On the one hand, no one wants to lose a loved one to a disease or birth defect. But on the other hand, each person who survives that disease or has surgery to correct a birth defect and passes on the genes makes the human race weaker. It's hard to win in any case.


Quote:
Originally Posted by jorelq
I came across these defintions of which it would be true that a Christian has no problems with the first two.

"selective evolution": This refers to genetic variation that gets selected through successive generations. In short, this is just genetics, and this what natural selection has to do with. Importantly, this kind of evolution involves no mutation. This includes the examples you bring up such as dog breeding and covers the selective breeding of everything from farm animals to plants. This is the type of evolution you're referring to when you talk about "survival of the fittest".
"mutative evolution": This type of evolution involves mutation of existing genetic information.
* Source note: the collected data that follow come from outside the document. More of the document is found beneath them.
lemma All_valid:
  assumes "a \<in> valid_fms P TYPE('w) TYPE('d)"
  shows "All x a \<in> valid_fms P TYPE('w) TYPE('d)"
proof (rule valid_fmsI)
  fix C :: "'w set" and V and D :: "'d set" and I and A :: "nat \<Rightarrow> 'd"
  assume "nframe C V" "frame_has P C V" "is_model C D I" and A: "\<forall>v. A v \<in> D"
  then have "truth C V D I (A(x := d)) a = C" if "d \<in> D" for d
    using valid_fmsD[OF assms] that by simp
  then show "truth C V D I A (All x a) = C"
    by (auto simp del: fun_upd_apply)
qed

lemma Box_cong_valid:
  assumes "Iff a b \<in> valid_fms P TYPE('w) TYPE('d)"
  shows "Iff (Box a) (Box b) \<in> valid_fms P TYPE('w) TYPE('d)"
proof (rule valid_fmsI)
  fix C :: "'w set" and V and D :: "'d set" and I and A :: "nat \<Rightarrow> 'd"
  assume fr: "nframe C V" "frame_has P C V" and m: "is_model C D I" "\<forall>v. A v \<in> D"
  have "truth C V D I A a = truth C V D I A b"
    using valid_fmsD[OF assms fr m] by (simp only: truth_Iff_eq_iff)
  then show "truth C V D I A (Iff (Box a) (Box b)) = C"
    by (simp only: truth_Iff_eq_iff truth.simps)
qed

lemma pml_valid_fms: "pml (valid_fms P TYPE('w) TYPE('d))"
  unfolding pml_def
  by (intro conjI allI impI; (elim conjE)?)
    (erule CPL_thm_valid | erule (1) psubst_valid | erule (1) MP_valid | erule All_valid
      | erule Box_cong_valid)+

lemma axM_valid: "Monotonic \<in> P \<Longrightarrow> axM \<in> valid_fms P TYPE('w) TYPE('d)"
proof (rule valid_fmsI)
  fix C :: "'w set" and V and D :: "'d set" and I :: "'w \<Rightarrow> nat \<Rightarrow> nat \<Rightarrow> 'd list set"
    and A :: "nat \<Rightarrow> 'd"
  assume "Monotonic \<in> P" "frame_has P C V"
  then have mono: "\<forall>c \<in> C. \<forall>X \<in> V c. \<forall>Y. X \<subseteq> Y \<and> Y \<subseteq> C \<longrightarrow> Y \<in> V c"
    unfolding frame_has_def by simp
  let ?X = "{c \<in> C. [] \<in> I c 0 0}" and ?Y = "{c \<in> C. [] \<in> I c 1 0}"
  have "?X \<in> V c \<and> ?Y \<in> V c" if "c \<in> C" "?X \<inter> ?Y \<in> V c" for c
  proof -
    have "\<forall>Z. ?X \<inter> ?Y \<subseteq> Z \<and> Z \<subseteq> C \<longrightarrow> Z \<in> V c" using mono that by blast
    moreover have "?X \<inter> ?Y \<subseteq> ?X" "?X \<inter> ?Y \<subseteq> ?Y" "?X \<subseteq> C" "?Y \<subseteq> C" by auto
    ultimately show ?thesis by blast
  qed
  then show "truth C V D I A axM = C"
    unfolding axM_def truth_Imp_eq_iff pp_def qq_def by auto
qed

lemma axN_valid: "Topped \<in> P \<Longrightarrow> axN \<in> valid_fms P TYPE('w) TYPE('d)"
proof (rule valid_fmsI)
  fix C :: "'w set" and V and D :: "'d set" and I and A :: "nat \<Rightarrow> 'd"
  assume "Topped \<in> P" "frame_has P C V"
  then have "\<forall>c \<in> C. C \<in> V c"
    unfolding frame_has_def by simp
  then show "truth C V D I A axN = C"
    unfolding axN_def by auto
qed

lemma axC_valid: "Cufi \<in> P \<Longrightarrow> axC \<in> valid_fms P TYPE('w) TYPE('d)"
proof (rule valid_fmsI)
  fix C :: "'w set" and V and D :: "'d set" and I :: "'w \<Rightarrow> nat \<Rightarrow> nat \<Rightarrow> 'd list set"
    and A :: "nat \<Rightarrow> 'd"
  assume "Cufi \<in> P" "frame_has P C V"
  then have cufi: "\<forall>c \<in> C. \<forall>F. finite F \<and> F \<noteq> {} \<and> F \<subseteq> V c \<longrightarrow> \<Inter>F \<in> V c"
    unfolding frame_has_def by simp
  let ?X = "{c \<in> C. [] \<in> I c 0 0}" and ?Y = "{c \<in> C. [] \<in> I c 1 0}"
  have "?X \<inter> ?Y \<in> V c" if "c \<in> C" "?X \<in> V c" "?Y \<in> V c" for c
  proof -
    have "finite {?X, ?Y} \<and> {?X, ?Y} \<noteq> {} \<and> {?X, ?Y} \<subseteq> V c" using that by simp
    then have "\<Inter>{?X, ?Y} \<in> V c" using cufi that(1) by blast
    then show ?thesis by simp
  qed
  then show "truth C V D I A axC = C"
    unfolding axC_def truth_Imp_eq_iff pp_def qq_def by auto
qed

lemma logic_has_valid_fms: "logic_has P (valid_fms P TYPE('w) TYPE('d))"
  unfolding logic_has_def using axM_valid axN_valid axC_valid by blast

theorem LP_subset_valid_fms: "LP P \<subseteq> valid_fms P TYPE('w) TYPE('d)"
  unfolding LP_def by (rule Inter_lower) (simp add: pml_valid_fms logic_has_valid_fms)

section \<open>Derived rules and maximal consistent sets\<close>

fun prop_eval :: "(fm \<Rightarrow> bool) \<Rightarrow> fm \<Rightarrow> bool" where
  "prop_eval v Top = True"
| "prop_eval v Bot = False"
| "prop_eval v (And a b) = (prop_eval v a \<and> prop_eval v b)"
| "prop_eval v (Neg a) = (\<not> prop_eval v a)"
| "prop_eval v (Atom i ys) = v (Atom i ys)"
| "prop_eval v (All x a) = v (All x a)"
| "prop_eval v (Box a) = v (Box a)"

fun prop_skel :: "fm \<Rightarrow> fm" where
  "prop_skel Top = Top"
| "prop_skel Bot = Bot"
| "prop_skel (And a b) = And (prop_skel a) (prop_skel b)"
| "prop_skel (Neg a) = Neg (prop_skel a)"
| "prop_skel (Atom i ys) = Atom (to_nat (Atom i ys)) []"
| "prop_skel (All x a) = Atom (to_nat (All x a)) []"
| "prop_skel (Box a) = Atom (to_nat (Box a)) []"

definition skel_subst :: psub where "skel_subst i n = ([], from_nat i)"

lemma psubst_prop_skel: "psubst skel_subst (prop_skel a) = a"
  by (induct a) (simp_all add: skel_subst_def)

lemma psfree_prop_skel: "psfree_aux {} skel_subst (prop_skel a)"
  by (induct a) (simp_all add: skel_subst_def)

lemma box_free_prop_skel: "box_free (prop_skel a)"
  by (induct a) simp_all

lemma cl_eval_prop_skel: "cl_eval D I A (prop_skel a) = prop_eval (\<lambda>b. [] \<in> I (to_nat b) 0) a"
  by (induct a) simp_all

lemma pml_CPL_thm: "pml L \<Longrightarrow> CPL_thm a \<Longrightarrow> a \<in> L"
  unfolding pml_def by blast

lemma pml_psubst: "pml L \<Longrightarrow> a \<in> L \<Longrightarrow> psfree \<sigma> a \<Longrightarrow> psubst \<sigma> a \<in> L"
  unfolding pml_def by blast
This covers things like color-blindness, bacterial resistance to drugs, sickle-cell anemia, etc.
"creative evolution": This is the kind of evolution that claims to create new features or structures of an organism that didn't exist before, and requires an increase in genetic information. This covers the "goo to you", or "monkey to man" evolution, and includes such things as the evolution of multicellular organisms from single-celled, prokaryote cells from eukaryote, the origin of the cell, and the very creation of life from non-living matter.

Its the 3rd one where the real debates begin. And, as a believer, I do not buy into. Cats have always been cats, fish - fish, dogs - dogs and man - man. I have yet to run across a monkey man although many of my friends are quite hairy.

Jorel



Excellent points!!! I guess my post was directed towards "creative evolution", whereas I see no proof of (I was not aware that there were three "different" types or definitions).